# not cleaning the muzzle loader



## TimR (Oct 11, 2006)

A buddy just called me and said that he wants to go shoot his muzzle loader tomorrow....problem is, he fired it last year about this time and never cleaned it.

I told him it was probably ruined but I'm not a muzzle loader guy...what do y'all think?


----------



## duckbill (Oct 11, 2006)

Not good, but not necessarily a total loss.  The corrosiveness has probably caused rust.  The best thing to do is completely take it apart.  Soak everything in cleaner ot find out where the rust is.  The barrel is going to be rusted.  I've used Kroil and wire brushes to get most of it out.
It will take a long time to thoroughly clean everything, but it's worth a try.


----------



## CAL (Oct 11, 2006)

Being durty this long didn't do it any good that's for sure.All I can suggest is a good cleaning with a good brass brush and some solvent.He might just have lucked out and it clean up.Shoot it then and see if it is accurate.Good luck on quite a problem.


----------



## Nicodemus (Oct 11, 2006)

At the very least, there will be some pittin` in the barrel.


----------



## leoparddog (Oct 12, 2006)

Do a search in this sub-forum for "Kroil".  It worked for my buddy Bill who was in this very situation.


----------



## duckbill (Oct 12, 2006)

leoparddog9 said:


> Do a search in this sub-forum for "Kroil".  It worked for my buddy Bill who was in this very situation.




Ah Yes!  Amatuer muzzleloader was seeking help and found wisdom here on Woody's.  Amatuer learned well from his mistakes and passes on his knowledge.


----------



## Hunting Teacher (Oct 12, 2006)

My brother did the same thing last year, but luckily it was 777 and not black powder. It still required a couple of hours for my nephew and me to get it back clean enough where I felt comfortable with it.
The good news is after we finished, we put a scope on the gun ( a Knight) and in three shots it was zeroed at 25 yards. By the time we left the range, he was shooting one inch groups at 75 yards with it.
So you can bring one back to life with time and elbow grease.
Teacher


----------



## DYI hunting (Oct 12, 2006)

I can tell you what we did with M-16's and 50 cals in the Army.  I have done it with a muzzleloader once when there was no other choice.  

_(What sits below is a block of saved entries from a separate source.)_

(* Let $mG$ be a finite canonical misinformation game, $\Gamma=(\mathcal{AD}^*(\{mG\}),E)$ its adaptation graph, and $\Gamma'$ its loopless version. Then the length of the longest path in $\Gamma'$ is $\mathfrak{L}_{\mathcal{AD}}(mG)$.
   Context: A normal-form game is $G=\langle N,S,P\rangle$ with finite players $N$, finite pure strategy sets $S_i$, positions $S=\times_i S_i$, payoffs $P_i:S\to\mathbb{R}$. A misinformation game $mG=\langle G^0,G^1,\dots,G^{|N|}\rangle$ consists of the actual game $G^0$ and subjective games $G^i$; it is canonical if all $G^i=\langle N,S,P^i\rangle$ differ from $G^0$ only in payoffs and in every $G^i$ all players have equally many pure strategies. $NME(mG)$ is the set of profiles $\sigma=(\sigma_1,\dots,\sigma_{|N|})$ such that each $\sigma_i$ is player $i$'s component of some Nash equilibrium of $G^i$. $\chi(\sigma)=\mathrm{supp}(\sigma_1)\times\dots\times\mathrm{supp}(\sigma_{|N|})$. For $\vec v\in S$, $mG_{\vec v}$ is obtained by replacing, in every $P^i$ ($i\ge1$), the payoff vector at position $\vec v$ by $P^0(\vec v)$. For a set $M$ of misinformation games, $\mathcal{AD}(M)=\{mG_{\vec u}: mG\in M,\sigma\in NME(mG),\vec u\in\chi(\sigma)\}$, $\mathcal{AD}^{(0)}(M)=M$, $\mathcal{AD}^{(t+1)}(M)=\mathcal{AD}^{(t)}(\mathcal{AD}(M))$, $\mathcal{AD}^*(M)=\bigcup_{t\ge0}\mathcal{AD}^{(t)}(M)$. The length $\mathfrak{L}_{\mathcal{AD}}(mG)$ is the least $t\ge0$ with $\mathcal{AD}^{(t+1)}(\{mG\})=\mathcal{AD}^{(t)}(\{mG\})$. The adaptation graph $\Gamma$ has vertex set $\mathcal{AD}^*(\{mG\})$ and an edge $(mG^1,mG^2)$ iff $mG^2=(mG^1)_{\vec v}$ for some $\sigma\in NME(mG^1)$, $\vec v\in\chi(\sigma)$; $\Gamma'$ is $\Gamma$ with self-loops removed. *)

theory Defs
  imports Main "HOL-Library.Extended_Nat"
begin

text \<open>Canonical finite misinformation games with players 0,...,n-1 and
  pure strategies 0,...,m-1 for every player in every game.  A misinformation game is a pair (P0, Psub):
  P0 is the payoff of the actual game, Psub i the payoff of player i's
  subjective game (i < n).\<close>

type_synonym payoff = "nat list \<Rightarrow> nat \<Rightarrow> real"
type_synonym mgame = "payoff \<times> (nat \<Rightarrow> payoff)"
type_synonym profile = "nat \<Rightarrow> nat \<Rightarrow> real"

definition positions :: "nat \<Rightarrow> nat \<Rightarrow> nat list set" where
  "positions n m = {v. length v = n \<and> (\<forall>j<n. v ! j < m)}"

definition mixed :: "nat \<Rightarrow> (nat \<Rightarrow> real) \<Rightarrow> bool" where
  "mixed m t \<longleftrightarrow> (\<forall>s<m. 0 \<le> t s) \<and> (\<Sum>s<m. t s) = 1"

definition support :: "nat \<Rightarrow> (nat \<Rightarrow> real) \<Rightarrow> nat set" where
  "support m t = {s. s < m \<and> 0 < t s}"

definition expected_payoff :: "nat \<Rightarrow> nat \<Rightarrow> payoff \<Rightarrow> profile \<Rightarrow> nat \<Rightarrow> real" where
  "expected_payoff n m P \<sigma> i = (\<Sum>v\<in>positions n m. (\<Prod>j<n. \<sigma> j (v ! j)) * P v i)"

definition nash_eq :: "nat \<Rightarrow> nat \<Rightarrow> payoff \<Rightarrow> profile \<Rightarrow> bool" where
  "nash_eq n m P \<sigma> \<longleftrightarrow> (\<forall>j<n. mixed m (\<sigma> j)) \<and>
     (\<forall>i<n. \<forall>t. mixed m t \<longrightarrow> expected_payoff n m P (\<sigma>(i := t)) i \<le> expected_payoff n m P \<sigma> i)"

definition NME :: "nat \<Rightarrow> nat \<Rightarrow> mgame \<Rightarrow> profile set" where
  "NME n m mG = {\<sigma>. \<forall>i<n. \<exists>\<tau>. nash_eq n m (snd mG i) \<tau> \<and> \<sigma> i = \<tau> i}"

definition chi :: "nat \<Rightarrow> nat \<Rightarrow> profile \<Rightarrow> nat list set" where
  "chi n m \<sigma> = {v \<in> positions n m. \<forall>j<n. v ! j \<in> support m (\<sigma> j)}"

definition adapt :: "nat \<Rightarrow> mgame \<Rightarrow> nat list \<Rightarrow> mgame" where
  "adapt n mG v = (fst mG, \<lambda>i. if i < n then (snd mG i)(v := fst mG v) else snd mG i)"

definition AD :: "nat \<Rightarrow> nat \<Rightarrow> mgame set \<Rightarrow> mgame set" where
  "AD n m M = {adapt n g v | g \<sigma> v. g \<in> M \<and> \<sigma> \<in> NME n m g \<and> v \<in> chi n m \<sigma>}"

fun AD_iter :: "nat \<Rightarrow> nat \<Rightarrow> nat \<Rightarrow> mgame set \<Rightarrow> mgame set" where
  "AD_iter n m 0 M = M"
| "AD_iter n m (Suc t) M = AD_iter n m t (AD n m M)"

definition AD_star :: "nat \<Rightarrow> nat \<Rightarrow> mgame set \<Rightarrow> mgame set" where
  "AD_star n m M = (\<Union>t. AD_iter n m t M)"

definition AD_length :: "nat \<Rightarrow> nat \<Rightarrow> mgame \<Rightarrow> nat" where
  "AD_length n m mG = (LEAST t. AD_iter n m (Suc t) {mG} = AD_iter n m t {mG})"

definition adapt_edge :: "nat \<Rightarrow> nat \<Rightarrow> mgame \<Rightarrow> mgame \<Rightarrow> mgame \<Rightarrow> bool" where
  "adapt_edge n m mG0 g1 g2 \<longleftrightarrow> g1 \<in> AD_star n m {mG0} \<and> g2 \<in> AD_star n m {mG0} \<and>
     (\<exists>\<sigma> v. \<sigma> \<in> NME n m g1 \<and> v \<in> chi n m \<sigma> \<and> g2 = adapt n g1 v)"

definition adapt_edge' :: "nat \<Rightarrow> nat \<Rightarrow> mgame \<Rightarrow> mgame \<Rightarrow> mgame \<Rightarrow> bool" where
  "adapt_edge' n m mG0 g1 g2 \<longleftrightarrow> adapt_edge n m mG0 g1 g2 \<and> g1 \<noteq> g2"

definition is_path' :: "nat \<Rightarrow> nat \<Rightarrow> mgame \<Rightarrow> mgame list \<Rightarrow> bool" where
  "is_path' n m mG0 p \<longleftrightarrow> p \<noteq> [] \<and> distinct p \<and> set p \<subseteq> AD_star n m {mG0} \<and>
     (\<forall>k. Suc k < length p \<longrightarrow> adapt_edge' n m mG0 (p ! k) (p ! Suc k))"

end

theory Submission
  imports Defs "HOL-Homology.Brouwer_Degree"
begin

text \<open>The number of positions at which every subjective payoff already agrees with the actual one
  is a potential on the adaptation graph: an adaptation step either changes nothing (a self-loop)
  or raises it by exactly one, and it is bounded by the number of positions; by Nash's theorem
  every game has an outgoing edge. So every edge of \<open>\<Gamma>'\<close> climbs one level. If \<open>D\<close> is the height
  above \<open>mG\<close> of the highest reachable game, the first \<open>t\<close> at which the iteration of \<open>AD\<close>
  on \<open>{mG}\<close> becomes stationary is \<open>D\<close>, a climbing path of length \<open>D\<close> leads up to such a game,
  and no path is longer. Nash's theorem comes from Nash's map and Brouwer's fixed point theorem,
  the latter derived from the non-contractibility of spheres.\<close>

section \<open>Brouwer's fixed point theorem for balls\<close>

definition nball :: "nat \<Rightarrow> (nat \<Rightarrow> real) set" where
  "nball p = {x. (\<forall>i>p. x i = 0) \<and> (\<Sum>i\<le>p. (x i)^2) \<le> 1}"

definition radial_proj :: "nat \<Rightarrow> (nat \<Rightarrow> real) \<Rightarrow> nat \<Rightarrow> real" where
  "radial_proj p x = (\<lambda>i. x i / sqrt (\<Sum>j\<le>p. (x j)^2))"

lemma nsphere_top_of_set:
  "nsphere p = top_of_set {x. (\<Sum>i\<le>p. (x i)^2) = 1 \<and> (\<forall>i>p. x i = 0)}"
  by (simp add: nsphere euclidean_product_topology)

It will possibly remove some blueing, so only do it as a last resort when the breach is seized up and you are about to give up or there is no other hope. 

1 - Go get a cheap can of shaving cream (the stuff that comes out as white foam), a can of WD-40, and a can of Break-Free (CLP).  

2 - Soak the muzzleload in HOT water in the bath tub for 30 minutes or so.

3 - Take it out and fill it up full of the shaving cream, filling the barrel and covering all the metal parts. 

4 - Let it sit for 20 minutes or so.

5 - Dip it down into the hot bath again.

6 - More shaving cream, let it set a couple of minutes then take a towel and start scrubbing down any rust spots.  If you can remove the breach plug, do so and run a wire cleaner down the barrel with the shaving cream still in it.  Remember to go with the direction of bullet travel.

7 - One more hot bath dip to remove all the rust, grim, and left over shaving cream.  Leave it in the bath for a few minutes.  You might also try running the shower over it to wash as much as you can out.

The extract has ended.